*** MATERIAL TO PROCESS ***

lemma convex_on_prod_antimono:
  fixes f :: "'i \<Rightarrow> real \<Rightarrow> real"
  assumes "finite A" "convex S"
    and "\<And>i. i \<in> A \<Longrightarrow> convex_on S (f i)" "\<And>i. i \<in> A \<Longrightarrow> antimono_on S (f i)"
    and "\<And>i x. i \<in> A \<Longrightarrow> x \<in> S \<Longrightarrow> 0 \<le> f i x"
  shows "convex_on S (\<lambda>x. \<Prod>i\<in>A. f i x)"
  using assms
proof (induction A rule: finite_induct)
  case empty
  then show ?case by (simp add: convex_on_const)
next
  case (insert j A)
  then show ?case
    by (simp, intro convex_on_mul_antimono antimono_on_prod prod_nonneg) auto
qed

lemma convex_on_sum_fun:
  fixes f :: "'i \<Rightarrow> 'a::real_vector \<Rightarrow> real"
  assumes "finite A" "convex S" "\<And>i. i \<in> A \<Longrightarrow> convex_on S (f i)"
  shows "convex_on S (\<lambda>x. \<Sum>i\<in>A. f i x)"
  using assms by (induction A rule: finite_induct) (auto simp: convex_on_const)

lemma antimono_on_sum:
  fixes f :: "'i \<Rightarrow> 'a::order \<Rightarrow> real"
  assumes "\<And>i. i \<in> A \<Longrightarrow> antimono_on S (f i)"
  shows "antimono_on S (\<lambda>x. \<Sum>i\<in>A. f i x)"
  using assms by (auto simp: monotone_on_def intro!: sum_mono)

lemma convex_on_midpoint_le:
  fixes f :: "real \<Rightarrow> real"
  assumes "convex_on S f" "x \<in> S" "y \<in> S"
  shows "2 * f ((x + y) / 2) \<le> f x + f y"
  using convex_onD[OF assms(1), of "1 / 2" x y] assms(2,3) by (simp add: field_simps)
theorem mainTheorem7:
  fixes A :: "real^'n::finite^'n"
    and M :: "(real^'n^'n) measure"
    and K :: "real \<Rightarrow> real^'n^'n \<Rightarrow> real^'n^'n \<Rightarrow> real"
  assumes "CARD('n) \<ge> 4"
    and "trace (A ** transpose A) = real CARD('n)"
    and "haar_measure M"
    and "heat_kernel M K"
  shows "((\<lambda>t. (\<integral>x. (\<integral>y. (trace (A ** y) - trace (A ** x)) ^ 2 * K t x y \<partial>M) \<partial>M)
              - t * (real CARD('n) - 1)) \<in> O[at_right 0](\<lambda>t. t ^ 2) \<and>
         (\<lambda>t. \<integral>x. (\<integral>y. (trace (A ** y) - trace (A ** x)) ^ 4 * K t x y \<partial>M) \<partial>M)
           \<in> O[at_right 0](\<lambda>t. t ^ 2) \<and>
         (\<lambda>t. \<integral>x. (\<integral>y. \<bar>trace (A ** y) - trace (A ** x)\<bar> ^ 3 * K t x y \<partial>M) \<partial>M)
           \<in> O[at_right 0](\<lambda>t. t powr (3/2)))"
proof -
  obtain C2 where "\<forall>t>0. \<bar>(\<integral>x. increment_moment M K A (\<lambda>d. d^2) t x \<partial>M)
                        - t * (real CARD('n) - 1)\<bar> \<le> t^2 * C2"
    using integral_increment_moment_sq[OF assms(3,4,2)] by blast
  moreover obtain C4 where
    "\<forall>t>0. \<bar>\<integral>x. increment_moment M K A (\<lambda>d. d^4) t x \<partial>M\<bar> \<le> t^2 * C4"
    using integral_increment_moment_pow4[OF assms(3,4)] by blast
  moreover obtain C3 where "\<forall>t. 0 < t \<longrightarrow> t \<le> 1 \<longrightarrow>
      \<bar>\<integral>x. increment_moment M K A (\<lambda>d. \<bar>d\<bar>^3) t x \<partial>M\<bar> \<le> t powr (3/2) * C3"
    using integral_increment_moment_abs_cube[OF assms(3,4)] by blast
  ultimately show ?thesis
    unfolding increment_moment_def by (intro conjI bigo_at_right_0I) auto
qed

end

*** End of MATERIAL TO PROCESS ***

WHAT NEEDS TO BE DONE: Lines holding the word "powr" in the entries above are the ones to pull out. Copy them all.

RESULT FOR THIS EXERCISE:
           \<in> O[at_right 0](\<lambda>t. t powr (3/2)))"
      \<bar>\<integral>x. increment_moment M K A (\<lambda>d. \<bar>d\<bar>^3) t x \<partial>M\<bar> \<le> t powr (3/2) * C3"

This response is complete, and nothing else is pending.